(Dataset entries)
————————

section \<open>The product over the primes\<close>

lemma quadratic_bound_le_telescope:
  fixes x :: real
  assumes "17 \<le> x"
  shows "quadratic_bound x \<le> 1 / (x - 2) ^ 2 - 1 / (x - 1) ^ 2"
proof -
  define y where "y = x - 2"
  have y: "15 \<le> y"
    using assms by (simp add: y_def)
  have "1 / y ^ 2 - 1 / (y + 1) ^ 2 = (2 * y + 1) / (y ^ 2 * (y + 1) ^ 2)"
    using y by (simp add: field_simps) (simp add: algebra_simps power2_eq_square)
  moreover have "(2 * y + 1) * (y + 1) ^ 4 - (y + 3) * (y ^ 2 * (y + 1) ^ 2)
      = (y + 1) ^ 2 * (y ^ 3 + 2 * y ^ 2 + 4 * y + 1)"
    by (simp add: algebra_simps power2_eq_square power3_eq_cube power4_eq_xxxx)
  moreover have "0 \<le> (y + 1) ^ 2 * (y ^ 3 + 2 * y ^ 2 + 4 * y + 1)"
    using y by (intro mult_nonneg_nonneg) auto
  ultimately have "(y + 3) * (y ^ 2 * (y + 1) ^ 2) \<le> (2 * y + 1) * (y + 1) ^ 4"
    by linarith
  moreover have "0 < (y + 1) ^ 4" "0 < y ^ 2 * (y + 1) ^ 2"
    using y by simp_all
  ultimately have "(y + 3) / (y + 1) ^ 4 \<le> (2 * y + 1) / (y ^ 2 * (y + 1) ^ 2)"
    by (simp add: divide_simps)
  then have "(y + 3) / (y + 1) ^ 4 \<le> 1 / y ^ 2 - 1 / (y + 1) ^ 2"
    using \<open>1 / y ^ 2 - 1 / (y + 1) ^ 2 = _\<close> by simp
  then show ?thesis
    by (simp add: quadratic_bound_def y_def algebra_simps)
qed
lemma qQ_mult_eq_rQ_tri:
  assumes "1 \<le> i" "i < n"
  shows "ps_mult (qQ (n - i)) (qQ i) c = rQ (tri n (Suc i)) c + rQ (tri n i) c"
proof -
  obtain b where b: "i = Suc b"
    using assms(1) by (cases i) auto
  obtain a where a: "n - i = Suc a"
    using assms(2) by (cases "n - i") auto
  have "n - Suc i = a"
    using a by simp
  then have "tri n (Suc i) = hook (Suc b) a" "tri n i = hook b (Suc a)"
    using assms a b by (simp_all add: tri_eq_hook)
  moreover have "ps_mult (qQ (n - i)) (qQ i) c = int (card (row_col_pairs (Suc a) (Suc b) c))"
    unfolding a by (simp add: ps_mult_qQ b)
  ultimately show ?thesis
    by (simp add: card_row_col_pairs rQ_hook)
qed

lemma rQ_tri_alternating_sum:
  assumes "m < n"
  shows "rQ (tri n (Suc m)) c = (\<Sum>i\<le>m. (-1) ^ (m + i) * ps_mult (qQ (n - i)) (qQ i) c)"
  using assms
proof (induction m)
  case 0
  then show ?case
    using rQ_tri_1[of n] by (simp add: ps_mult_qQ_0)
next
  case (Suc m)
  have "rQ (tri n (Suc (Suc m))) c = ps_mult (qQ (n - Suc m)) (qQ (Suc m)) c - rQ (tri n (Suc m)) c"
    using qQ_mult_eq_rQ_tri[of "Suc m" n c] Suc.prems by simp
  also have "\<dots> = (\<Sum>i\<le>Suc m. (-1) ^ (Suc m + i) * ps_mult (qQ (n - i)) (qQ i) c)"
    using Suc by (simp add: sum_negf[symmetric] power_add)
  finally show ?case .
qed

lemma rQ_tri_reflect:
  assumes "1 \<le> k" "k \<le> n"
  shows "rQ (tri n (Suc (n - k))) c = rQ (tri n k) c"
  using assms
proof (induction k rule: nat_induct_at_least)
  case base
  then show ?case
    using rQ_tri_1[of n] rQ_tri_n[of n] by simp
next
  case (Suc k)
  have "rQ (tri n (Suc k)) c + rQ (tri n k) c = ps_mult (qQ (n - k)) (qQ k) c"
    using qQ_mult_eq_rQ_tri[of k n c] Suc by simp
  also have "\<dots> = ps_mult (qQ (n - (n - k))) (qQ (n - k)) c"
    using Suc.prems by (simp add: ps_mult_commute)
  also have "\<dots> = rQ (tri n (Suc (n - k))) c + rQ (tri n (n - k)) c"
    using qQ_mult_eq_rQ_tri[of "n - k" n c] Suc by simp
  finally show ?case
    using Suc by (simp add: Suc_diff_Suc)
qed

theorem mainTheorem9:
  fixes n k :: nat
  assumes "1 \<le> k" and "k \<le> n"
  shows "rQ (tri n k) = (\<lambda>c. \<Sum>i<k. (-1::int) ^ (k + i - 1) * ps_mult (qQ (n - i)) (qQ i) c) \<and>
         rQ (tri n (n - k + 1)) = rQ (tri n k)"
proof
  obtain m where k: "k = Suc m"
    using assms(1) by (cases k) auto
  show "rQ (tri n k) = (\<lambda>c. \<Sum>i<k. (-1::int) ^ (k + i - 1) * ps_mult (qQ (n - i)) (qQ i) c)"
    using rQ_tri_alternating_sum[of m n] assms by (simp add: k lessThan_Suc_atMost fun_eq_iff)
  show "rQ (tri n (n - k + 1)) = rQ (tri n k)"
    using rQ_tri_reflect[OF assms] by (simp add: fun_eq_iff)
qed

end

————————

TO DO: Give back the line containing "case (Suc k)" and all the lines after it through the end of the records, unchanged.

SOLUTION TO THE PROBLEM:
  case (Suc k)
  have "rQ (tri n (Suc k)) c + rQ (tri n k) c = ps_mult (qQ (n - k)) (qQ k) c"
    using qQ_mult_eq_rQ_tri[of k n c] Suc by simp
  also have "\<dots> = ps_mult (qQ (n - (n - k))) (qQ (n - k)) c"
    using Suc.prems by (simp add: ps_mult_commute)
  also have "\<dots> = rQ (tri n (Suc (n - k))) c + rQ (tri n (n - k)) c"
    using qQ_mult_eq_rQ_tri[of "n - k" n c] Suc by simp
  finally show ?case
    using Suc by (simp add: Suc_diff_Suc)
qed

theorem mainTheorem9:
  fixes n k :: nat
  assumes "1 \<le> k" and "k \<le> n"
  shows "rQ (tri n k) = (\<lambda>c. \<Sum>i<k. (-1::int) ^ (k + i - 1) * ps_mult (qQ (n - i)) (qQ i) c) \<and>
         rQ (tri n (n - k + 1)) = rQ (tri n k)"
proof
  obtain m where k: "k = Suc m"
    using assms(1) by (cases k) auto
  show "rQ (tri n k) = (\<lambda>c. \<Sum>i<k. (-1::int) ^ (k + i - 1) * ps_mult (qQ (n - i)) (qQ i) c)"
    using rQ_tri_alternating_sum[of m n] assms by (simp add: k lessThan_Suc_atMost fun_eq_iff)
  show "rQ (tri n (n - k + 1)) = rQ (tri n k)"
    using rQ_tri_reflect[OF assms] by (simp add: fun_eq_iff)
qed

end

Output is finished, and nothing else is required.